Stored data

(* Let $b_1,\dots,b_5$ and $\alpha_1,\dots,\alpha_5$ be positive real numbers with $\sum_{i=1}^5\alpha_i=\pi$ (in particular $(b_1,\dots,b_5)$ may be any rearrangement of given positive reals $a_1,\dots,a_5$ with $b_1=a_1$). Then $$\sum_{i=1}^5 b_i\cos\alpha_i\;\le\;\frac{1+\sqrt5}{4}\cdot\frac{1}{b_1b_2b_3b_4b_5}\,\phi(b_1^2,b_2^2,b_3^2,b_4^2,b_5^2).$$
   Context: For real numbers $x_1,\dots,x_5$, define $\phi(x_1,x_2,x_3,x_4,x_5)=x_1x_2x_3+x_2x_3x_4+x_3x_4x_5+x_4x_5x_1+x_5x_1x_2$. *)

theory Defs
  imports Complex_Main
begin

definition phi :: "real \<Rightarrow> real \<Rightarrow> real \<Rightarrow> real \<Rightarrow> real \<Rightarrow> real" where
  "phi x1 x2 x3 x4 x5 = x1*x2*x3 + x2*x3*x4 + x3*x4*x5 + x4*x5*x1 + x5*x1*x2"

end

theory Submission
  imports Defs
begin

text \<open>
  Put \<open>T\<^sub>i = b\<^sub>i b\<^sub>i\<^sub>+\<^sub>1 b\<^sub>i\<^sub>+\<^sub>2 / (b\<^sub>i\<^sub>+\<^sub>3 b\<^sub>i\<^sub>+\<^sub>4)\<close> (indices mod 5), so that \<open>\<Sum> T\<^sub>i\<close> is
  \<open>phi (b\<^sub>1\<^sup>2, \<dots>, b\<^sub>5\<^sup>2) / (b\<^sub>1 \<cdots> b\<^sub>5)\<close> and each \<open>b\<^sub>j\<close> is \<open>sqrt (T\<^sub>i T\<^sub>i\<^sub>+\<^sub>1)\<close>
  for neighbours on a 5-cycle. Planar vectors of lengths \<open>sqrt T\<^sub>i\<close>, consecutive ones
  enclosing the angles \<open>\<alpha>\<^sub>j\<close>, turn the left-hand side into a cyclic sum of inner
  products, the closing one with a sign flip because the angles add up to \<open>pi\<close>.
  Coordinatewise this is a quadratic form on the twisted 5-cycle, whose largest eigenvalue
  is \<open>cos (pi / 5) = (1 + sqrt 5) / 4\<close>.
\<close>

lemma twisted_cycle_form_le:
  fixes x1 x2 x3 x4 x5 :: real
  shows "x1*x2 + x2*x3 + x3*x4 + x4*x5 - x5*x1
    \<le> (1 + sqrt 5) / 4 * (x1^2 + x2^2 + x3^2 + x4^2 + x5^2)"
proof -
  define c :: real where "c = (1 + sqrt 5) / 4"
  have c_golden: "4*c*c = 2*c + 1"
    unfolding c_def by (simp add: field_simps power2_eq_square)
  have "sqrt 5 < 3"
    by (rule real_less_lsqrt) auto
  then have c_bounds: "4*c - 1 > 0" "3 - 2*c > 0"
    unfolding c_def by simp_all
  text \<open>Alternating signs turn the twisted cycle into the ordinary one.\<close>
  define r1 r2 r3 r4 r5
    where r1_def: "r1 = x1" and r2_def: "r2 = -x2" and r3_def: "r3 = x3"
      and r4_def: "r4 = -x4" and r5_def: "r5 = x5"
  define k where "k = (3 - 2*c) * (4*c - 1)"
  have k_pos: "k > 0"
    unfolding k_def using c_bounds by simp
  define u1 u2 u3 u4 u5
    where u1_def: "u1 = r5 + r2 + 2*c*r1" and u2_def: "u2 = r1 + r3 + 2*c*r2"
      and u3_def: "u3 = r2 + r4 + 2*c*r3" and u4_def: "u4 = r3 + r5 + 2*c*r4"
      and u5_def: "u5 = r4 + r1 + 2*c*r5"
  define Q where "Q = c*(r1^2 + r2^2 + r3^2 + r4^2 + r5^2) + (r1*r2 + r2*r3 + r3*r4 + r4*r5 + r5*r1)"
  text \<open>With \<open>A\<close> the adjacency operator of the 5-cycle, \<open>u = (A + 2c) r\<close> and the
    second family is \<open>(2 - A) u\<close>; both vanish on the kernel of \<open>Q = r \<bullet> (c + A/2) r\<close>.\<close>
  have sos: "k * (4*(1 + c) * Q)
    = k * (u1^2 + u2^2 + u3^2 + u4^2 + u5^2)
      + ((2*u1 - u5 - u2)^2 + (2*u2 - u1 - u3)^2 + (2*u3 - u2 - u4)^2
         + (2*u4 - u3 - u5)^2 + (2*u5 - u4 - u1)^2)"
    unfolding k_def u1_def u2_def u3_def u4_def u5_def Q_def using c_golden by algebra
  have "0 \<le> k * (4*(1 + c) * Q)"
    unfolding sos using k_pos by (intro add_nonneg_nonneg mult_nonneg_nonneg) auto
  moreover have "1 + c > 0"
    using c_bounds by simp
  ultimately have "0 \<le> Q"
    using k_pos by (simp add: zero_le_mult_iff)
  then show ?thesis
    unfolding Q_def r1_def r2_def r3_def r4_def r5_def c_def by (simp add: algebra_simps)
qed

lemma mult_cos_diff:
  fixes x y f g :: real
  shows "x * y * cos (g - f) = (x * cos f) * (y * cos g) + (x * sin f) * (y * sin g)"
  by (simp add: cos_diff algebra_simps)

lemma polar_sq:
  fixes y f :: real
  shows "(y * cos f)^2 + (y * sin f)^2 = y^2"
proof -
  have "(y * cos f)^2 + (y * sin f)^2 = y^2 * ((sin f)^2 + (cos f)^2)"
    by (simp only: power_mult_distrib distrib_left add.commute)
  then show ?thesis
    by simp
qed

lemma cycle_cos_sum_le:
  fixes y1 y2 y3 y4 y5 t1 t2 t3 t4 t5 :: real
  assumes "t1 + t2 + t3 + t4 + t5 = pi"
  shows "y1*y2*cos t1 + y2*y3*cos t2 + y3*y4*cos t3 + y4*y5*cos t4 + y5*y1*cos t5
    \<le> (1 + sqrt 5) / 4 * (y1^2 + y2^2 + y3^2 + y4^2 + y5^2)"
proof -
  text \<open>Polar angles of the planar vectors; the first one lies on the positive real axis.\<close>
  define f2 f3 f4 f5
    where f2_def: "f2 = t1" and f3_def: "f3 = f2 + t2" and f4_def: "f4 = f3 + t3"
      and f5_def: "f5 = f4 + t4"
  have t5: "t5 = pi - f5"
    using assms unfolding f2_def f3_def f4_def f5_def by simp
  have cos_parts:
    "y1*y2*cos t1 = y1 * (y2 * cos f2)"
    "y2*y3*cos t2 = (y2 * cos f2) * (y3 * cos f3) + (y2 * sin f2) * (y3 * sin f3)"
    "y3*y4*cos t3 = (y3 * cos f3) * (y4 * cos f4) + (y3 * sin f3) * (y4 * sin f4)"
    "y4*y5*cos t4 = (y4 * cos f4) * (y5 * cos f5) + (y4 * sin f4) * (y5 * sin f5)"
    "y5*y1*cos t5 = - ((y5 * cos f5) * y1)"
    using mult_cos_diff[of y2 y3 f2 f3] mult_cos_diff[of y3 y4 f3 f4] mult_cos_diff[of y4 y5 f4 f5]
    unfolding f2_def f3_def f4_def f5_def t5 by simp_all
  have sum_sq: "y1^2 + y2^2 + y3^2 + y4^2 + y5^2
      = (y1^2 + (y2 * cos f2)^2 + (y3 * cos f3)^2 + (y4 * cos f4)^2 + (y5 * cos f5)^2)
        + (0^2 + (y2 * sin f2)^2 + (y3 * sin f3)^2 + (y4 * sin f4)^2 + (y5 * sin f5)^2)"
    using polar_sq[of y2 f2] polar_sq[of y3 f3] polar_sq[of y4 f4] polar_sq[of y5 f5] by simp
  have "y1 * (y2 * cos f2) + (y2 * cos f2) * (y3 * cos f3) + (y3 * cos f3) * (y4 * cos f4)
      + (y4 * cos f4) * (y5 * cos f5) - (y5 * cos f5) * y1
    \<le> (1 + sqrt 5) / 4 * (y1^2 + (y2 * cos f2)^2 + (y3 * cos f3)^2 + (y4 * cos f4)^2 + (y5 * cos f5)^2)"
    by (rule twisted_cycle_form_le)
  moreover have "0 * (y2 * sin f2) + (y2 * sin f2) * (y3 * sin f3) + (y3 * sin f3) * (y4 * sin f4)
      + (y4 * sin f4) * (y5 * sin f5) - (y5 * sin f5) * 0
    \<le> (1 + sqrt 5) / 4 * (0^2 + (y2 * sin f2)^2 + (y3 * sin f3)^2 + (y4 * sin f4)^2 + (y5 * sin f5)^2)"
    by (rule twisted_cycle_form_le)
  ultimately show ?thesis
    unfolding cos_parts sum_sq distrib_left by linarith
qed

theorem lemma2:
  fixes b1 b2 b3 b4 b5 a1 a2 a3 a4 a5 :: real
  assumes "b1 > 0" "b2 > 0" "b3 > 0" "b4 > 0" "b5 > 0"
    and "a1 > 0" "a2 > 0" "a3 > 0" "a4 > 0" "a5 > 0"
    and "a1 + a2 + a3 + a4 + a5 = pi"
  shows "b1 * cos a1 + b2 * cos a2 + b3 * cos a3 + b4 * cos a4 + b5 * cos a5
    \<le> (1 + sqrt 5) / 4 * (1 / (b1*b2*b3*b4*b5)) * phi (b1^2) (b2^2) (b3^2) (b4^2) (b5^2)"
proof -
  define T1 T2 T3 T4 T5
    where T1_def: "T1 = b1*b2*b3/(b4*b5)" and T2_def: "T2 = b3*b4*b5/(b1*b2)"
      and T3_def: "T3 = b5*b1*b2/(b3*b4)" and T4_def: "T4 = b2*b3*b4/(b5*b1)"
      and T5_def: "T5 = b4*b5*b1/(b2*b3)"
  have T_pos: "T1 > 0" "T2 > 0" "T3 > 0" "T4 > 0" "T5 > 0"
    unfolding T1_def T2_def T3_def T4_def T5_def using assms(1-5) by simp_all
  have products:
    "sqrt T1 * sqrt T2 = b3" "sqrt T2 * sqrt T3 = b5" "sqrt T3 * sqrt T4 = b2"
    "sqrt T4 * sqrt T5 = b4" "sqrt T5 * sqrt T1 = b1"
    unfolding real_sqrt_mult[symmetric] T1_def T2_def T3_def T4_def T5_def
    using assms(1-5) by (simp_all add: field_simps power2_eq_square[symmetric])
  have squares: "(sqrt T1)^2 + (sqrt T2)^2 + (sqrt T3)^2 + (sqrt T4)^2 + (sqrt T5)^2
      = 1 / (b1*b2*b3*b4*b5) * phi (b1^2) (b2^2) (b3^2) (b4^2) (b5^2)"
    using T_pos assms(1-5) unfolding phi_def T1_def T2_def T3_def T4_def T5_def
    by (simp add: field_simps power2_eq_square)
  have "a3 + a5 + a2 + a4 + a1 = pi"
    using assms(11) by simp
  from cycle_cos_sum_le[OF this, of "sqrt T1" "sqrt T2" "sqrt T3" "sqrt T4" "sqrt T5"]
  show ?thesis
    unfolding products squares by (simp add: mult.assoc algebra_simps)
qed

end
lemma triple_sum_fibre_right:
  assumes "(a, q) \<in> (\<lambda>(a, b, c). (a, b \<cdot> c)) ` triple_factorizations f g h x"
  shows "(\<Sum>t\<in>{t. t \<in> triple_factorizations f g h x \<and> (\<lambda>(a, b, c). (a, b \<cdot> c)) t = (a, q)}.
      (\<lambda>(a, b, c). \<nu> a (b \<cdot> c) * \<nu> b c * f a * g b * h c) t) = \<nu> a q * f a * (g \<star> h) q"
proof -
  let ?T = "triple_factorizations f g h x"
  let ?Q = "{(b, c). (b, c) \<in> composable \<Gamma> \<and> b \<cdot> c = q \<and> g b \<noteq> 0 \<and> h c \<noteq> 0}"
  have T_iff: "(a, b, c) \<in> ?T \<longleftrightarrow> a \<in> G \<and> b \<in> G \<and> c \<in> G \<and> d a = r b \<and> d b = r c
      \<and> a \<cdot> (b \<cdot> c) = x \<and> f a \<noteq> 0 \<and> g b \<noteq> 0 \<and> h c \<noteq> 0" for a b c
    unfolding triple_factorizations_def by (auto simp: mult_assoc)
  from assms obtain b0 c0 where "(a, b0, c0) \<in> ?T" "q = b0 \<cdot> c0" by auto
  then have aq: "a \<in> G" "d a = r q" "a \<cdot> q = x" "f a \<noteq> 0"
    unfolding T_iff by auto
  have "{t. t \<in> ?T \<and> (\<lambda>(a, b, c). (a, b \<cdot> c)) t = (a, q)} = (\<lambda>(b, c). (a, b, c)) ` ?Q"
  proof (intro equalityI subsetI)
    fix t assume t: "t \<in> {t. t \<in> ?T \<and> (\<lambda>(a, b, c). (a, b \<cdot> c)) t = (a, q)}"
    obtain a' b c where "t = (a', b, c)" by (cases t)
    with t have "t = (a, b, c)" "(a, b, c) \<in> ?T" "b \<cdot> c = q" by auto
    then show "t \<in> (\<lambda>(b, c). (a, b, c)) ` ?Q"
      unfolding T_iff by auto
  next
    fix t assume "t \<in> (\<lambda>(b, c). (a, b, c)) ` ?Q"
    then obtain b c where bc: "t = (a, b, c)" "b \<in> G" "c \<in> G" "d b = r c" "b \<cdot> c = q"
        "g b \<noteq> 0" "h c \<noteq> 0"
      by auto
    then have "d a = r b" using aq(2) by auto
    then have "(a, b, c) \<in> ?T" unfolding T_iff using bc aq by auto
    then show "t \<in> {t. t \<in> ?T \<and> (\<lambda>(a, b, c). (a, b \<cdot> c)) t = (a, q)}" using bc(1,5) by simp
  qed
  then have "(\<Sum>t\<in>{t. t \<in> ?T \<and> (\<lambda>(a, b, c). (a, b \<cdot> c)) t = (a, q)}.
      (\<lambda>(a, b, c). \<nu> a (b \<cdot> c) * \<nu> b c * f a * g b * h c) t)
      = (\<Sum>(b, c)\<in>?Q. \<nu> a q * f a * (\<nu> b c * g b * h c))"
    by (simp add: sum.reindex inj_on_def case_prod_unfold mult_ac)
  also have "\<dots> = \<nu> a q * f a * (g \<star> h) q"
    by (simp add: twisted_conv_def sum_distrib_left case_prod_unfold mult_ac)
  finally show ?thesis .
qed

lemma conv_conv_right_eq_sum:
  assumes "fibrewise_finite f" "fibrewise_finite g"
  shows "(f \<star> (g \<star> h)) x
    = (\<Sum>(a, b, c)\<in>triple_factorizations f g h x. \<nu> a (b \<cdot> c) * \<nu> b c * f a * g b * h c)"
proof -
  let ?T = "triple_factorizations f g h x"
  let ?F = "\<lambda>(a, b, c). \<nu> a (b \<cdot> c) * \<nu> b c * f a * g b * h c"
  let ?\<pi> = "\<lambda>(a, b, c). (a, b \<cdot> c)"
  have fin: "finite ?T" using assms by (rule finite_triple_factorizations)
  have "(f \<star> (g \<star> h)) x = (\<Sum>(a, q)\<in>?\<pi> ` ?T. \<nu> a q * f a * (g \<star> h) q)"
  proof (rule twisted_conv_sum_superset)
    fix a q assume aq: "a \<in> G" "q \<in> G" "d a = r q" "a \<cdot> q = x" "f a \<noteq> 0" "(g \<star> h) q \<noteq> 0"
    then obtain b c where bc: "b \<in> G" "c \<in> G" "d b = r c" "b \<cdot> c = q" "g b \<noteq> 0" "h c \<noteq> 0"
      by (blast elim: twisted_conv_nonzero_factorization)
    then have "(a, b, c) \<in> ?T"
      using aq unfolding triple_factorizations_def by (auto simp: mult_assoc)
    then show "(a, q) \<in> ?\<pi> ` ?T" using bc(4) by force
  next
    fix a q assume "(a, q) \<in> ?\<pi> ` ?T"
    then obtain b c where "(a, b, c) \<in> ?T" "q = b \<cdot> c" by auto
    then show "a \<in> G \<and> q \<in> G \<and> d a = r q \<and> a \<cdot> q = x"
      unfolding triple_factorizations_def by (auto simp: mult_assoc)
  qed (use fin in simp)
  also have "\<dots> = (\<Sum>aq\<in>?\<pi> ` ?T. \<Sum>t\<in>{t. t \<in> ?T \<and> ?\<pi> t = aq}. ?F t)"
  proof (rule sum.cong[OF refl])
    fix aq assume "aq \<in> ?\<pi> ` ?T"
    moreover obtain a q where "aq = (a, q)" by (cases aq)
    ultimately show "(case aq of (a, q) \<Rightarrow> \<nu> a q * f a * (g \<star> h) q)
        = (\<Sum>t\<in>{t. t \<in> ?T \<and> ?\<pi> t = aq}. ?F t)"
      using triple_sum_fibre_right[of a q] by simp
  qed
  also have "\<dots> = (\<Sum>t\<in>?T. ?F t)"
    by (rule sum.image_gen[OF fin, symmetric])
  finally show ?thesis .
qed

= Work to complete =
Starting with the first line above and ending with the line that holds "enclosing the angles", restate each line word for word and add nothing else.

= Result of the exercise =
(* Let $b_1,\dots,b_5$ and $\alpha_1,\dots,\alpha_5$ be positive real numbers with $\sum_{i=1}^5\alpha_i=\pi$ (in particular $(b_1,\dots,b_5)$ may be any rearrangement of given positive reals $a_1,\dots,a_5$ with $b_1=a_1$). Then $$\sum_{i=1}^5 b_i\cos\alpha_i\;\le\;\frac{1+\sqrt5}{4}\cdot\frac{1}{b_1b_2b_3b_4b_5}\,\phi(b_1^2,b_2^2,b_3^2,b_4^2,b_5^2).$$
   Context: For real numbers $x_1,\dots,x_5$, define $\phi(x_1,x_2,x_3,x_4,x_5)=x_1x_2x_3+x_2x_3x_4+x_3x_4x_5+x_4x_5x_1+x_5x_1x_2$. *)

theory Defs
  imports Complex_Main
begin

definition phi :: "real \<Rightarrow> real \<Rightarrow> real \<Rightarrow> real \<Rightarrow> real \<Rightarrow> real" where
  "phi x1 x2 x3 x4 x5 = x1*x2*x3 + x2*x3*x4 + x3*x4*x5 + x4*x5*x1 + x5*x1*x2"

end

theory Submission
  imports Defs
begin

text \<open>
  Put \<open>T\<^sub>i = b\<^sub>i b\<^sub>i\<^sub>+\<^sub>1 b\<^sub>i\<^sub>+\<^sub>2 / (b\<^sub>i\<^sub>+\<^sub>3 b\<^sub>i\<^sub>+\<^sub>4)\<close> (indices mod 5), so that \<open>\<Sum> T\<^sub>i\<close> is
  \<open>phi (b\<^sub>1\<^sup>2, \<dots>, b\<^sub>5\<^sup>2) / (b\<^sub>1 \<cdots> b\<^sub>5)\<close> and each \<open>b\<^sub>j\<close> is \<open>sqrt (T\<^sub>i T\<^sub>i\<^sub>+\<^sub>1)\<close>
  for neighbours on a 5-cycle. Planar vectors of lengths \<open>sqrt T\<^sub>i\<close>, consecutive ones
  enclosing the angles \<open>\<alpha>\<^sub>j\<close>, turn the left-hand side into a cyclic sum of inner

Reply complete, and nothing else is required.